#### THE PROBLEM:
Below are the records; output them exactly from the first line through the line with "gS i * x i) | x.", stopping there.

════════════════

definition v0 :: "nat \<Rightarrow> nat \<Rightarrow> real \<Rightarrow> (nat \<Rightarrow> real) \<Rightarrow> (nat \<Rightarrow> real) \<Rightarrow> real \<Rightarrow> real" where
  "v0 N n \<gamma> gS gD \<epsilon> =
     Inf {(\<Sum>i=1..N. ccoef \<gamma> gS i * x i) | x.
            cstr N n \<gamma> gS gD \<epsilon> x = 0 \<and> (\<forall>i\<in>{1..N}. x i \<ge> 0)}"

definition xone :: "nat \<Rightarrow> nat \<Rightarrow> real \<Rightarrow> (nat \<Rightarrow> real) \<Rightarrow> (nat \<Rightarrow> real) \<Rightarrow> real \<Rightarrow> real" where
  "xone N n \<gamma> gS gD \<epsilon> = (THE t. cstr N n \<gamma> gS gD \<epsilon> (\<lambda>_. t) = 0)"

end

theory Submission
  imports Defs
begin

(* Every feasible x has a diagonal term Q(a_ii x_i + b_ii) = Q(x_i) in the constraint, and all
   terms are nonnegative, so Q(x_i) <= eps' and hence x_i >= Q^-1(eps'); weighting by c_i >= 0 gives
   the lower bound. Along the diagonal x_i = t the constraint sum is continuous and strictly
   decreasing in t (all slopes a_ij are positive), exceeds Q(0) = 1/2 > eps' at t = 0 and tends to 0,
   so it has a unique root x_1 >= 0; the constant vector x_1 is feasible, which gives the upper
   bound. *)

lemma set_integrable_std_normal_density:
  "A \<in> sets lborel \<Longrightarrow> set_integrable lborel A std_normal_density"
  unfolding set_integrable_def using integrable_mult_indicator[of A lborel std_normal_density]
  by simp

lemma Qf_eq_interval_integral: "Qf x = (LBINT t=ereal x..\<infinity>. std_normal_density t)"
  unfolding Qf_def interval_integral_to_infinity_eq
  by (rule set_integral_discrete_difference[where X="{x}"]) auto

lemma Qf_eq_Qf_0_minus_interval_integral:
  "Qf x = Qf 0 - (LBINT t=ereal 0..ereal x. std_normal_density t)"
proof -
  have "(LBINT t=ereal 0..ereal x. std_normal_density t) + (LBINT t=ereal x..\<infinity>. std_normal_density t)
      = (LBINT t=ereal 0..\<infinity>. std_normal_density t)"
    by (rule interval_integral_sum)
      (simp add: interval_lebesgue_integrable_def set_integrable_std_normal_density)
  then show ?thesis
    using Qf_eq_interval_integral[of x] Qf_eq_interval_integral[of 0] by (simp add: zero_ereal_def)
qed

lemma has_real_derivative_Qf: "(Qf has_real_derivative - std_normal_density x) (at x)"
proof -
  have cont: "continuous_on UNIV std_normal_density"
    unfolding std_normal_density_def by (intro continuous_intros) auto
  have "at x within {min 0 (x - 1)..max 0 (x + 1)} = at x"
    by (intro at_within_interior) auto
  then have "((\<lambda>u. LBINT t=ereal 0..ereal u. std_normal_density t)
      has_real_derivative std_normal_density x) (at x)"
    using interval_integral_FTC2[of "min 0 (x - 1)" 0 "max 0 (x + 1)" std_normal_density x]
      continuous_on_subset[OF cont]
    by (auto simp: has_real_derivative_iff_has_vector_derivative)
  then have "((\<lambda>u. Qf 0 - (LBINT t=ereal 0..ereal u. std_normal_density t))
      has_real_derivative - std_normal_density x) (at x)"
    by (auto intro!: derivative_eq_intros)
  then show ?thesis
    by (simp flip: Qf_eq_Qf_0_minus_interval_integral)
qed

lemma isCont_Qf: "isCont Qf x"
  using has_real_derivative_Qf by (rule DERIV_isCont)

lemma Qf_strict_decreasing:
  assumes "x < y"
  shows "Qf y < Qf x"
proof (rule DERIV_neg_imp_decreasing[OF assms])
  show "\<exists>d. (Qf has_real_derivative d) (at t) \<and> d < 0" for t
  proof (intro exI conjI)
    show "- std_normal_density t < 0"
      using normal_density_pos[of 1 0 t] by linarith
  qed (rule has_real_derivative_Qf)
qed

lemma Qf_le_iff: "Qf x \<le> Qf y \<longleftrightarrow> y \<le> x"
  using Qf_strict_decreasing[of x y] Qf_strict_decreasing[of y x]
  by (cases x y rule: linorder_cases) auto

lemma Qf_eq_iff: "Qf x = Qf y \<longleftrightarrow> x = y"
  using Qf_strict_decreasing[of x y] Qf_strict_decreasing[of y x]
  by (cases x y rule: linorder_cases) auto

lemma Qf_nonneg: "0 \<le> Qf x"
  unfolding Qf_def set_lebesgue_integral_def
  by (rule Bochner_Integration.integral_nonneg) (simp add: indicator_def)

lemma Qf_0: "Qf 0 = 1/2"
proof -
  have symmetric: "std_normal_density (- t) = std_normal_density t" for t
    by (simp add: std_normal_density_def)
  have "Qf 0 = (LBINT t:{..0}. std_normal_density t)"
    unfolding Qf_def by (subst set_integral_reflect) (simp add: symmetric atMost_def)
  also have "\<dots> = (LBINT t:{..<0}. std_normal_density t)"
    by (rule set_integral_discrete_difference[where X="{0}"]) auto
  finally have "2 * Qf 0 = (LBINT t:{0..}. std_normal_density t) + (LBINT t:{..<0}. std_normal_density t)"
    unfolding Qf_def by simp
  also have "\<dots> = (LBINT t:{0..} \<union> {..<0}. std_normal_density t)"
    by (rule set_integral_Un[symmetric]) (auto simp: set_integrable_std_normal_density)
  also have "{0..} \<union> {..<0} = (UNIV :: real set)"
    by auto
  finally show ?thesis
    by (simp add: set_lebesgue_integral_def)
qed

lemma tendsto_Qf_at_top: "(Qf \<longlongrightarrow> 0) at_top"
proof -
  have "((\<lambda>b. LBINT t:{0..b}. std_normal_density t) \<longlongrightarrow> Qf 0) at_top"
    unfolding Qf_def
    by (rule tendsto_set_lebesgue_integral_at_top) (auto simp: set_integrable_std_normal_density)
  then have "((\<lambda>b. Qf 0 - (LBINT t:{0..b}. std_normal_density t)) \<longlongrightarrow> 0) at_top"
    using tendsto_diff[OF tendsto_const[of "Qf 0"]] by fastforce
  moreover have "\<forall>\<^sub>F b in at_top. Qf 0 - (LBINT t:{0..b}. std_normal_density t) = Qf b"
    using eventually_ge_at_top[of "0::real"]
    by eventually_elim
      (subst Qf_eq_Qf_0_minus_interval_integral, simp add: interval_integral_Icc zero_ereal_def)
  ultimately show ?thesis
    by (rule Lim_transform_eventually)
qed

lemma Qf_Qinv:
  assumes "0 < e" "e \<le> 1/2"
  shows "Qf (Qinv e) = e"
proof -
  obtain b where "\<forall>t\<ge>b. Qf t < e"
    using order_tendstoD(2)[OF tendsto_Qf_at_top \<open>0 < e\<close>] by (auto simp: eventually_at_top_linorder)
  then have "Qf (max b 0) \<le> e"
    by (simp add: less_imp_le)
  then obtain x where "Qf x = e"
    using IVT2[of Qf "max b 0" e 0] assms by (auto simp: Qf_0 isCont_Qf)
  then have "Qf y = e \<longleftrightarrow> y = x" for y
    using Qf_eq_iff[of y x] by simp
  with \<open>Qf x = e\<close> show ?thesis
    by (simp add: Qinv_def)
qed

lemma tendsto_Qf_affine_at_top:
  assumes "a > 0"
  shows "((\<lambda>t. Qf (a * t + b)) \<longlongrightarrow> 0) at_top"
proof -
  have "filterlim (\<lambda>t. b + a * t) at_top at_top"
    using assms
    by (intro filterlim_tendsto_add_at_top[OF tendsto_const]
        filterlim_tendsto_pos_mult_at_top[OF tendsto_const] filterlim_ident)
  then have "filterlim (\<lambda>t. a * t + b) at_top at_top"
    by (simp add: add.commute)
  then show ?thesis
    by (rule filterlim_compose[OF tendsto_Qf_at_top])
qed

lemma sum_Qf_affine_strict_decreasing:
  assumes "finite K" "K \<noteq> {}" "\<And>k. k \<in> K \<Longrightarrow> a k > 0" "t < u"
  shows "(\<Sum>k\<in>K. Qf (a k * u + b k)) < (\<Sum>k\<in>K. Qf (a k * t + b k))"
  using assms by (intro sum_strict_mono Qf_strict_decreasing) auto

lemma sum_Qf_affine_unique_root:
  assumes "finite K" "\<And>k. k \<in> K \<Longrightarrow> a k > 0" "0 < e" "e < (\<Sum>k\<in>K. Qf (b k))"
  shows "\<exists>r\<ge>0. (\<Sum>k\<in>K. Qf (a k * r + b k)) = e
    \<and> (\<forall>t. (\<Sum>k\<in>K. Qf (a k * t + b k)) = e \<longrightarrow> t = r)"
proof -
  define S where "S t = (\<Sum>k\<in>K. Qf (a k * t + b k))" for t
  have "K \<noteq> {}"
    using assms by auto
  then have decreasing: "S u < S t" if "t < u" for t u
    unfolding S_def using assms(1,2) that by (intro sum_Qf_affine_strict_decreasing)
  have "(S \<longlongrightarrow> (\<Sum>k\<in>K. 0)) at_top"
    unfolding S_def using assms by (intro tendsto_sum tendsto_Qf_affine_at_top) auto
  then obtain c where "\<forall>t\<ge>c. S t < e"
    using order_tendstoD(2)[of S 0 at_top e] \<open>0 < e\<close> by (auto simp: eventually_at_top_linorder)
  moreover have "isCont S t" for t
    unfolding S_def by (intro continuous_intros isCont_o2[OF _ isCont_Qf])
  moreover have "e \<le> S 0"
    using assms by (simp add: S_def)
  ultimately obtain r where "0 \<le> r" "S r = e"
    using IVT2[of S "max c 0" e 0] by (force simp: less_imp_le)
  moreover have "\<forall>t. S t = e \<longrightarrow> t = r"
    using decreasing \<open>S r = e\<close> by (metis less_irrefl linorder_neqE)
  ultimately show ?thesis
    unfolding S_def by blast
qed

lemma Vdisp_pos: "\<rho> > 0 \<Longrightarrow> Vdisp \<rho> > 0"
  unfolding Vdisp_def by (auto intro!: mult_pos_pos divide_pos_pos simp: log_def)

lemma acoef_pos:
  assumes "\<gamma> > 0" "gS i > 0" "gD i > 0" "j \<noteq> N + 1 \<Longrightarrow> gS j > 0"
  shows "acoef N \<gamma> gS gD i j > 0"
  using assms by (auto simp: acoef_def Vdisp_pos)

lemma acoef_diag: "\<gamma> > 0 \<Longrightarrow> gS i > 0 \<Longrightarrow> i \<noteq> N + 1 \<Longrightarrow> acoef N \<gamma> gS gD i i = 1"
  using Vdisp_pos[of "gS i * \<gamma>"] by (simp add: acoef_def)

lemma bcoef_diag: "i \<noteq> N + 1 \<Longrightarrow> bcoef N n \<gamma> gS gD i i = 0"
  by (simp add: bcoef_def)

lemma ccoef_nonneg: "\<gamma> > 0 \<Longrightarrow> gS i > 0 \<Longrightarrow> ccoef \<gamma> gS i \<ge> 0"
  using Vdisp_pos[of "gS i * \<gamma>"] by (simp add: ccoef_def)

lemma Qf_le_cstr_add:
  assumes "\<gamma> > 0" "i \<in> {1..N}" "gS i > 0"
  shows "Qf (x i) \<le> cstr N n \<gamma> gS gD \<epsilon> x + \<epsilon>"
proof -
  let ?term = "\<lambda>i j. Qf (acoef N \<gamma> gS gD i j * x i + bcoef N n \<gamma> gS gD i j)"
  have "Qf (x i) = ?term i i"
    using assms by (simp add: acoef_diag bcoef_diag)
  also have "\<dots> \<le> (\<Sum>j=i..N+1. ?term i j)"
    using assms by (intro member_le_sum) (auto simp: Qf_nonneg)
  also have "\<dots> \<le> (\<Sum>i=1..N. \<Sum>j=i..N+1. ?term i j)"
    using assms by (intro member_le_sum[where f="\<lambda>i. \<Sum>j=i..N+1. ?term i j"] sum_nonneg Qf_nonneg) auto
  finally show ?thesis
    by (simp add: cstr_def)
qed

lemma cstr_const:
  "cstr N n \<gamma> gS gD \<epsilon> (\<lambda>_. t) =
    (\<Sum>k\<in>(SIGMA i:{1..N}. {i..N+1}).
      Qf (acoef N \<gamma> gS gD (fst k) (snd k) * t + bcoef N n \<gamma> gS gD (fst k) (snd k))) - \<epsilon>"
  unfolding cstr_def by (subst sum.Sigma) (auto simp: case_prod_unfold)

lemma Qinv_le_feasible:
  assumes "\<gamma> > 0" "i \<in> {1..N}" "gS i > 0" "0 < \<epsilon>" "\<epsilon> \<le> 1/2"
    and "cstr N n \<gamma> gS gD \<epsilon> x = 0"
  shows "Qinv \<epsilon> \<le> x i"
proof -
  have "Qf (x i) \<le> Qf (Qinv \<epsilon>)"
    using Qf_le_cstr_add[of \<gamma> i N gS x n gD \<epsilon>] assms by (simp add: Qf_Qinv)
  then show ?thesis
    by (simp add: Qf_le_iff)
qed

lemma Qinv_mult_sum_ccoef_le_objective:
  assumes "\<gamma> > 0" "\<And>k. k \<in> {1..N} \<Longrightarrow> gS k > 0" "0 < \<epsilon>" "\<epsilon> \<le> 1/2"
    and "cstr N n \<gamma> gS gD \<epsilon> x = 0"
  shows "Qinv \<epsilon> * (\<Sum>i=1..N. ccoef \<gamma> gS i) \<le> (\<Sum>i=1..N. ccoef \<gamma> gS i * x i)"
proof -
  have "Qinv \<epsilon> \<le> x i" if "i \<in> {1..N}" for i
    using that assms by (intro Qinv_le_feasible[where x=x and n=n and gD=gD]) auto
  then have "(\<Sum>i=1..N. ccoef \<gamma> gS i * Qinv \<epsilon>) \<le> (\<Sum>i=1..N. ccoef \<gamma> gS i * x i)"
    using assms by (intro sum_mono mult_left_mono) (auto simp: ccoef_nonneg)
  then show ?thesis
    by (simp add: sum_distrib_left mult.commute)
qed

lemma xone_solves_cstr:
  assumes "N \<ge> 1" "\<gamma> > 0" "\<And>k. k \<in> {1..N} \<Longrightarrow> gS k > 0" "\<And>k. k \<in> {1..N} \<Longrightarrow> gD k > 0"
    and "0 < \<epsilon>" "\<epsilon> < 1/2"
  shows "0 \<le> xone N n \<gamma> gS gD \<epsilon>" "cstr N n \<gamma> gS gD \<epsilon> (\<lambda>_. xone N n \<gamma> gS gD \<epsilon>) = 0"
proof -
  let ?K = "SIGMA i:{1..N}. {i..N+1}"
  define a where "a k = acoef N \<gamma> gS gD (fst k) (snd k)" for k
  define b where "b k = bcoef N n \<gamma> gS gD (fst k) (snd k)" for k
  define S where "S t = (\<Sum>k\<in>?K. Qf (a k * t + b k))" for t
  have cstr_eq: "cstr N n \<gamma> gS gD \<epsilon> (\<lambda>_. t) = S t - \<epsilon>" for t
    unfolding S_def a_def b_def by (rule cstr_const)
  have "\<epsilon> < Qf 0"
    using assms by (simp add: Qf_0)
  also have "\<dots> \<le> cstr N n \<gamma> gS gD \<epsilon> (\<lambda>_. 0) + \<epsilon>"
    using assms by (intro Qf_le_cstr_add) auto
  finally have above: "\<epsilon> < (\<Sum>k\<in>?K. Qf (b k))"
    by (simp add: cstr_eq S_def)
  have slopes_pos: "a k > 0" if "k \<in> ?K" for k
    using that assms unfolding a_def by (intro acoef_pos) auto
  have "finite ?K"
    by auto
  then have "\<exists>r\<ge>0. S r = \<epsilon> \<and> (\<forall>t. S t = \<epsilon> \<longrightarrow> t = r)"
    unfolding S_def by (rule sum_Qf_affine_unique_root[OF _ slopes_pos \<open>0 < \<epsilon>\<close> above])
  then obtain r where r: "0 \<le> r" "S r = \<epsilon>" and unique: "\<forall>t. S t = \<epsilon> \<longrightarrow> t = r"
    by (elim exE conjE)
  have "xone N n \<gamma> gS gD \<epsilon> = r"
    unfolding xone_def cstr_eq
  proof (rule the_equality)
    show "S r - \<epsilon> = 0"
      using r by simp
    show "t = r" if "S t - \<epsilon> = 0" for t
      using unique[rule_format, of t] that by simp
  qed
  with r show "0 \<le> xone N n \<gamma> gS gD \<epsilon>" "cstr N n \<gamma> gS gD \<epsilon> (\<lambda>_. xone N n \<gamma> gS gD \<epsilon>) = 0"
    by (simp_all add: cstr_eq)
qed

════════════════

#### SOLUTION TO THIS PROBLEM:
definition v0 :: "nat \<Rightarrow> nat \<Rightarrow> real \<Rightarrow> (nat \<Rightarrow> real) \<Rightarrow> (nat \<Rightarrow> real) \<Rightarrow> real \<Rightarrow> real" where
  "v0 N n \<gamma> gS gD \<epsilon> =
     Inf {(\<Sum>i=1..N. ccoef \<gamma> gS i * x i) | x.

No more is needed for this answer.